Following the example of Bavaria, the state of Saxony has now submitted a far-reaching draft for a new police law. According to the plans of the CDU-SPD state government, the police in Saxony will receive hand grenades and machine guns, in addition to other equipment. Also planned is the introduction of new ammunition that aims to “overwhelm the victim without mortally injuring him”. In addition to video surveillance, facial recognition and the introduction of ankle restraints, the law will allow the authorities to monitor journalists when necessary for “the existence and security of the federal or state government”.

These measures correspond to the plans for a so-called model police law at a federal level, approved by the SPD and CDU/CSU in their coalition agreement. Among other items, the coalition partners call for “better facilities for the police”, the “expansion of DNA analysis”, “video surveillance at hotspots” and the strengthening and centralisation of security agencies and secret services in Germany and throughout Europe.

Behind the scenes, the coalition has agreed on the use of the German army inside Germany itself. The coalition pact states that the “development guidelines” for the army set out in the White Paper of 2016 are to be “consistently pursued”. The White Paper explicitly advocates the use of the army domestically. The section “Domestic deployment and services of the Bundeswehr” states that “the armed forces can support the police in effectively fighting accidents under narrow conditions and exercise sovereign tasks involving the use of interventionist and coercive powers”.

The real motives for these monstrous plans are bluntly laid out in a document issued by the European Union Institute for Security Studies entitled “What ambitions for European Defence 2020”. The document regards the task of future military operations to be the “shielding the global rich from the tensions and problems of the poor”.
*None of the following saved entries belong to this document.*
lemma orth_blocks_if_orth_mat_blkdiag:
  assumes "square_blocks As ns" "orth_mat (sum_list ns) (blkdiag As)"
  shows "orth_blocks As ns"
proof -
  have sAt: "square_blocks (map2 (*) (map transpose_mat As) As) ns"
    using square_blocks_map2_mult[OF square_blocks_map_transpose[OF assms(1)] assms(1)] .
  have "blkdiag (map2 (*) (map transpose_mat As) As) = transpose_mat (blkdiag As) * blkdiag As"
    using blkdiag_mult[OF square_blocks_map_transpose[OF assms(1)] assms(1)]
      transpose_blkdiag[OF assms(1)] by simp
  also have "\<dots> = blkdiag (map (\<lambda>n. 1\<^sub>m n) ns)"
    using assms(2) by (simp add: orth_mat_def blkdiag_one)
  finally have eq: "blkdiag (map2 (*) (map transpose_mat As) As) = blkdiag (map (\<lambda>n. 1\<^sub>m n) ns)" .
  have ones: "square_blocks (map (\<lambda>n. 1\<^sub>m n) ns) ns" by (auto simp: square_blocks_def)
  have prods: "map2 (*) (map transpose_mat As) As = map (\<lambda>n. 1\<^sub>m n) ns"
    using blkdiag_inj[OF sAt ones eq] .
  show ?thesis unfolding orth_blocks_def
  proof (intro conjI allI impI)
    show "length As = length ns" using assms(1) by (simp add: square_blocks_def)
    fix k assume k: "k < length As"
    have "transpose_mat (As ! k) * As ! k = 1\<^sub>m (ns ! k)"
      using arg_cong[OF prods, of "\<lambda>xs. xs ! k"] k assms(1) by (simp add: square_blocks_def)
    then show "orth_mat (ns ! k) (As ! k)"
      using assms(1) k by (simp add: square_blocks_def orth_mat_def)
  qed
qed

fun block_of :: "nat list \<Rightarrow> nat \<Rightarrow> nat" where
  "block_of [] i = 0"
| "block_of (n # ns) i = (if i < n then 0 else Suc (block_of ns (i - n)))"

lemma block_ofI:
  "k < length ns \<Longrightarrow> sum_list (take k ns) \<le> i \<Longrightarrow> i < sum_list (take (Suc k) ns) \<Longrightarrow> block_of ns i = k"
proof (induction ns arbitrary: i k)
  case (Cons n ns i k)
  then show ?case by (cases k) auto
qed simp

lemma block_of_append_left: "i < sum_list ns \<Longrightarrow> block_of (ns @ ms) i = block_of ns i"
  by (induction ns arbitrary: i) auto

lemma block_of_snoc_last:
  "sum_list ns \<le> i \<Longrightarrow> i < sum_list ns + c \<Longrightarrow> block_of (ns @ [c]) i = length ns"
  by (induction ns arbitrary: i) auto

lemma blkdiag_if_block_supported:
  "X \<in> carrier_mat (sum_list ns) (sum_list ns) \<Longrightarrow>
   (\<forall>i j. i < sum_list ns \<longrightarrow> j < sum_list ns \<longrightarrow> block_of ns i \<noteq> block_of ns j \<longrightarrow> X $$ (i,j) = 0) \<Longrightarrow>
   \<exists>As. square_blocks As ns \<and> X = blkdiag As"
proof (induction ns arbitrary: X)
  case Nil
  then show ?case by (intro exI[of _ "[]"]) (auto intro!: eq_matI)
next
  case (Cons n ns X)
  let ?N = "sum_list ns"
  define A where "A = mat n n (\<lambda>(i,j). X $$ (i,j))"
  define D where "D = mat ?N ?N (\<lambda>(i,j). X $$ (i + n, j + n))"
  have "\<forall>i j. i < ?N \<longrightarrow> j < ?N \<longrightarrow> block_of ns i \<noteq> block_of ns j \<longrightarrow> D $$ (i,j) = 0"
    using Cons.prems(2) by (auto simp: D_def)
  then obtain As where As: "square_blocks As ns" "D = blkdiag As"
    using Cons.IH[of D] by (auto simp: D_def)
  have "X = four_block_mat A (0\<^sub>m n ?N) (0\<^sub>m ?N n) D"
  proof (rule eq_matI)
    fix i j assume "i < dim_row (four_block_mat A (0\<^sub>m n ?N) (0\<^sub>m ?N n) D)"
      "j < dim_col (four_block_mat A (0\<^sub>m n ?N) (0\<^sub>m ?N n) D)"
    then have "i < n + ?N" "j < n + ?N" by (auto simp: A_def D_def)
    then show "X $$ (i,j) = four_block_mat A (0\<^sub>m n ?N) (0\<^sub>m ?N n) D $$ (i,j)"
      using Cons.prems(2)[rule_format, of i j] by (auto simp: A_def D_def)
  qed (use Cons.prems(1) in \<open>auto simp: A_def D_def\<close>)
  then have "X = blkdiag (A # As)"
    using blkdiag_Cons[of A n, OF _ As(1)] As(2) by (simp add: A_def)
  then show ?case using As(1) by (intro exI[of _ "A # As"]) (auto simp: A_def)
qed

section \<open>Permutation matrices\<close>

definition permmat :: "nat \<Rightarrow> (nat \<Rightarrow> nat) \<Rightarrow> real mat" where
  "permmat n f = mat n n (\<lambda>(i,j). if i = f j then 1 else 0)"

lemma permmat_carrier[simp]: "permmat n f \<in> carrier_mat n n"
  by (simp add: permmat_def)

lemma permmat_dims[simp]: "dim_row (permmat n f) = n" "dim_col (permmat n f) = n"
  by (simp_all add: permmat_def)

lemma index_permmat[simp]: "i < n \<Longrightarrow> j < n \<Longrightarrow> permmat n f $$ (i,j) = (if i = f j then 1 else 0)"
  by (simp add: permmat_def)

lemma perm_matE:
  assumes "perm_mat n P"
  obtains f where "f permutes {..<n}" "P = permmat n f"
  using assms unfolding perm_mat_def permmat_def by blast

lemma permutes_lessThan: "f permutes {..<n} \<Longrightarrow> j < n \<Longrightarrow> f j < n"
  using permutes_in_image by fastforce

lemma permmat_mult:
  assumes "\<forall>j<n. g j < n"
  shows "permmat n f * permmat n g = permmat n (f \<circ> g)"
proof (rule eq_matI)
  fix i j assume "i < dim_row (permmat n (f \<circ> g))" "j < dim_col (permmat n (f \<circ> g))"
  then have ij: "i < n" "j < n" by auto
  have "(permmat n f * permmat n g) $$ (i,j) = (\<Sum>k<n. permmat n f $$ (i,k) * permmat n g $$ (k,j))"
    using index_mult_mat_sum[of "permmat n f" n n "permmat n g" n i j] ij by simp
  also have "\<dots> = (\<Sum>k<n. if k = g j then (if i = f k then 1 else 0) else 0)"
    using ij by (intro sum.cong) auto
  also have "\<dots> = permmat n (f \<circ> g) $$ (i,j)"
    using assms ij by (simp add: sum_lessThan_if_eq)
  finally show "(permmat n f * permmat n g) $$ (i,j) = permmat n (f \<circ> g) $$ (i,j)" .
qed auto

lemma orth_mat_permmat:
  assumes "f permutes {..<n}"
  shows "orth_mat n (permmat n f)"
  unfolding orth_mat_def
proof (intro conjI permmat_carrier eq_matI)
  fix i j assume "i < dim_row (1\<^sub>m n)" "j < dim_col (1\<^sub>m n)"
  then have ij: "i < n" "j < n" by auto
  have "(transpose_mat (permmat n f) * permmat n f) $$ (i,j)
      = (\<Sum>k<n. permmat n f $$ (k,i) * permmat n f $$ (k,j))"
    using index_mult_mat_sum[of "transpose_mat (permmat n f)" n n "permmat n f" n i j] ij by simp
  also have "\<dots> = (\<Sum>k<n. if k = f i then (if f i = f j then 1 else 0) else 0)"
    using ij by (intro sum.cong) auto
  also have "\<dots> = 1\<^sub>m n $$ (i,j)"
    using ij permutes_lessThan[OF assms ij(1)] permutes_inj[OF assms]
    by (simp add: sum_lessThan_if_eq inj_eq)
  finally show "(transpose_mat (permmat n f) * permmat n f) $$ (i,j) = 1\<^sub>m n $$ (i,j)" .
qed auto

lemma permmat_mult_vec:
  assumes "f permutes {..<n}" "j < n" "a \<in> carrier_vec n"
  shows "(permmat n f *\<^sub>v a) $ f j = a $ j"
proof -
  have fj: "f j < n" using permutes_lessThan[OF assms(1,2)] .
  have "(permmat n f *\<^sub>v a) $ f j = (\<Sum>k<n. permmat n f $$ (f j, k) * a $ k)"
    using assms fj by (auto simp: scalar_prod_def intro!: sum.cong)
  also have "\<dots> = (\<Sum>k<n. if k = j then a $ k else 0)"
    using fj permutes_inj[OF assms(1)] by (intro sum.cong) (auto simp: inj_eq)
  finally show ?thesis using assms(2) by (simp add: sum_lessThan_if_eq)
qed

text \<open>\<open>pad_mat N m X\<close> is \<open>BlkD(X, I\<^sub>N\<^sub>-\<^sub>m)\<close>, the form in which \<open>\<Pi>\<close> enters \<open>W\<^sub>1\<close> and \<open>W\<^sub>L\<close>.\<close>

definition pad_mat :: "nat \<Rightarrow> nat \<Rightarrow> real mat \<Rightarrow> real mat" where
  "pad_mat N m X = four_block_mat X (0\<^sub>m m (N - m)) (0\<^sub>m (N - m) m) (1\<^sub>m (N - m))"

lemma pad_mat_carrier: "X \<in> carrier_mat m m \<Longrightarrow> m \<le> N \<Longrightarrow> pad_mat N m X \<in> carrier_mat N N"
  unfolding pad_mat_def using four_block_carrier_mat[of X m m "1\<^sub>m (N - m)" "N - m" "N - m"] by simp

lemma index_pad_mat:
  "X \<in> carrier_mat m m \<Longrightarrow> m \<le> N \<Longrightarrow> i < N \<Longrightarrow> j < N \<Longrightarrow>
   pad_mat N m X $$ (i,j) =
     (if i < m \<and> j < m then X $$ (i,j) else if i < m \<or> j < m then 0 else if i = j then 1 else 0)"
  unfolding pad_mat_def by auto

lemma pad_mat_mult:
  assumes "X \<in> carrier_mat m m" "Y \<in> carrier_mat m m" "m \<le> N"
  shows "pad_mat N m X * pad_mat N m Y = pad_mat N m (X * Y)"
  unfolding pad_mat_def using assms
  by (subst mult_four_block_mat[of X m m _ "N - m" _ "N - m"]) auto

lemma transpose_pad_mat:
  assumes "X \<in> carrier_mat m m"
  shows "transpose_mat (pad_mat N m X) = pad_mat N m (transpose_mat X)"
  unfolding pad_mat_def using assms
  by (subst transpose_four_block_mat[of X m m _ "N - m" _ "N - m"]) auto

lemma orth_mat_pad_mat: "orth_mat m X \<Longrightarrow> m \<le> N \<Longrightarrow> orth_mat N (pad_mat N m X)"
  using orth_mat_four_block[OF _ orth_mat_one[of "N - m"]] unfolding pad_mat_def by fastforce

lemma Sig_carrier: "Sig d L \<sigma> l \<in> carrier_mat (d l) (d (l - 1))"
  by (simp add: Sig_def)

lemma index_Sig_mult:
  assumes "X \<in> carrier_mat (d (l - 1)) c" "i < d l" "j < c" "dmin d L \<le> d (l - 1)"
  shows "(Sig d L \<sigma> l * X) $$ (i,j) = (if i < dmin d L then \<sigma> $ i * X $$ (i,j) else 0)"
proof -
  have "(Sig d L \<sigma> l * X) $$ (i,j) = (\<Sum>k<d (l - 1). Sig d L \<sigma> l $$ (i,k) * X $$ (k,j))"
    using index_mult_mat_sum[OF Sig_carrier assms(1-3)] .
  also have "\<dots> = (\<Sum>k<d (l - 1). if k = i then (if i < dmin d L then \<sigma> $ i * X $$ (i,j) else 0) else 0)"
    using assms by (intro sum.cong) (auto simp: Sig_def)
  finally show ?thesis using assms(4) by (simp add: sum_lessThan_if_eq)
qed

lemma index_mult_Sig:
  assumes "X \<in> carrier_mat a (d l)" "i < a" "j < d (l - 1)" "dmin d L \<le> d l"
  shows "(X * Sig d L \<sigma> l) $$ (i,j) = (if j < dmin d L then X $$ (i,j) * \<sigma> $ j else 0)"
proof -
  have "(X * Sig d L \<sigma> l) $$ (i,j) = (\<Sum>k<d l. X $$ (i,k) * Sig d L \<sigma> l $$ (k,j))"
    using index_mult_mat_sum[OF assms(1) Sig_carrier assms(2,3)] .
  also have "\<dots> = (\<Sum>k<d l. if k = j then (if j < dmin d L then X $$ (i,j) * \<sigma> $ j else 0) else 0)"
    using assms by (intro sum.cong) (auto simp: Sig_def)
  finally show ?thesis using assms(4) by (simp add: sum_lessThan_if_eq)
qed

section \<open>Frobenius norm\<close>

lemma frob_sq_nonneg: "0 \<le> frob_sq A"
  unfolding frob_sq_def by (intro sum_nonneg) auto

lemma frob_sq_eq_trace_gram:
  assumes "B \<in> carrier_mat a c"
  shows "frob_sq B = (\<Sum>j<c. (transpose_mat B * B) $$ (j,j))"
proof -
  have "(\<Sum>j<c. (transpose_mat B * B) $$ (j,j)) = (\<Sum>j<c. \<Sum>i<a. (B $$ (i,j))^2)"
    using index_mult_mat_sum[of "transpose_mat B" c a B c] assms
    by (intro sum.cong) (simp_all add: power2_eq_square)
  also have "\<dots> = (\<Sum>i<a. \<Sum>j<c. (B $$ (i,j))^2)" by (rule sum.swap)
  finally show ?thesis using assms unfolding frob_sq_def by simp
qed

lemma frob_sq_orth_mult_left:
  assumes "orth_mat n Q" "A \<in> carrier_mat n c"
  shows "frob_sq (Q * A) = frob_sq A"
proof -
  have Q: "Q \<in> carrier_mat n n" using orth_mat_carrier[OF assms(1)] .
  have "transpose_mat (Q * A) * (Q * A) = transpose_mat A * (transpose_mat Q * (Q * A))"
    using assoc_mult_mat[of "transpose_mat A" c n "transpose_mat Q" n "Q * A" c] Q assms(2)
    by (simp add: transpose_mult[OF Q assms(2)])
  also have "\<dots> = transpose_mat A * A" using orth_mat_cancel_left[OF assms] by simp
  finally show ?thesis
    using frob_sq_eq_trace_gram[of "Q * A" n c] frob_sq_eq_trace_gram[OF assms(2)] Q assms(2) by simp
qed

lemma frob_sq_transpose: "frob_sq (transpose_mat A) = frob_sq A"
proof -
  have "frob_sq (transpose_mat A) = (\<Sum>i<dim_col A. \<Sum>j<dim_row A. (A $$ (j,i))^2)"
    unfolding frob_sq_def by (intro sum.cong) auto
  also have "\<dots> = frob_sq A" unfolding frob_sq_def by (rule sum.swap)
  finally show ?thesis .
qed

lemma frob_sq_orth_mult_right:
  assumes "orth_mat n R" "A \<in> carrier_mat a n"
  shows "frob_sq (A * R) = frob_sq A"
proof -
  have R: "R \<in> carrier_mat n n" using orth_mat_carrier[OF assms(1)] .
  have "frob_sq (A * R) = frob_sq (transpose_mat R * transpose_mat A)"
    using frob_sq_transpose[of "A * R"] transpose_mult[OF assms(2) R] by simp
  also have "\<dots> = frob_sq A"
    using frob_sq_orth_mult_left[OF orth_mat_transpose[OF assms(1)], of "transpose_mat A" a] assms(2)
    by (simp add: frob_sq_transpose)
  finally show ?thesis .
qed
“As the proportion of the world population living in misery and frustration will remain massive, the tensions and spillover between their world and that of the rich will continue to grow,” it continues. “Technology is shrinking the world into a global village, but it is a village on the verge of revolution. While we have an increasingly integrated elite community, we also face increasingly explosive tensions from the poorer strata below.”

Social inequality in Germany and Europe has continued to increase since the paper was first published in English in 2009. While the vast majority of the population fights for sheer survival, a small upper class elite has acquired astronomical assets. A study published at the beginning of the year by the German Institute for Economic Research (DIW) found that the 45 richest households in Germany own assets worth €214 billion, equivalent to the wealth of the poorer half of the entire population.

The activation of Schnöggersdorf is a warning. One-hundred years ago, the Social Democratic government under Reich President Friedrich Ebert and Defence Minister Gustav Noske relied on the military to quell the November Revolution of 1918-1919 and assassinate the revolutionary socialists Rosa Luxemburg and Karl Liebknecht. Today, the ruling class is once again preparing to suppress mounting popular opposition against social cuts, militarism and war by military means.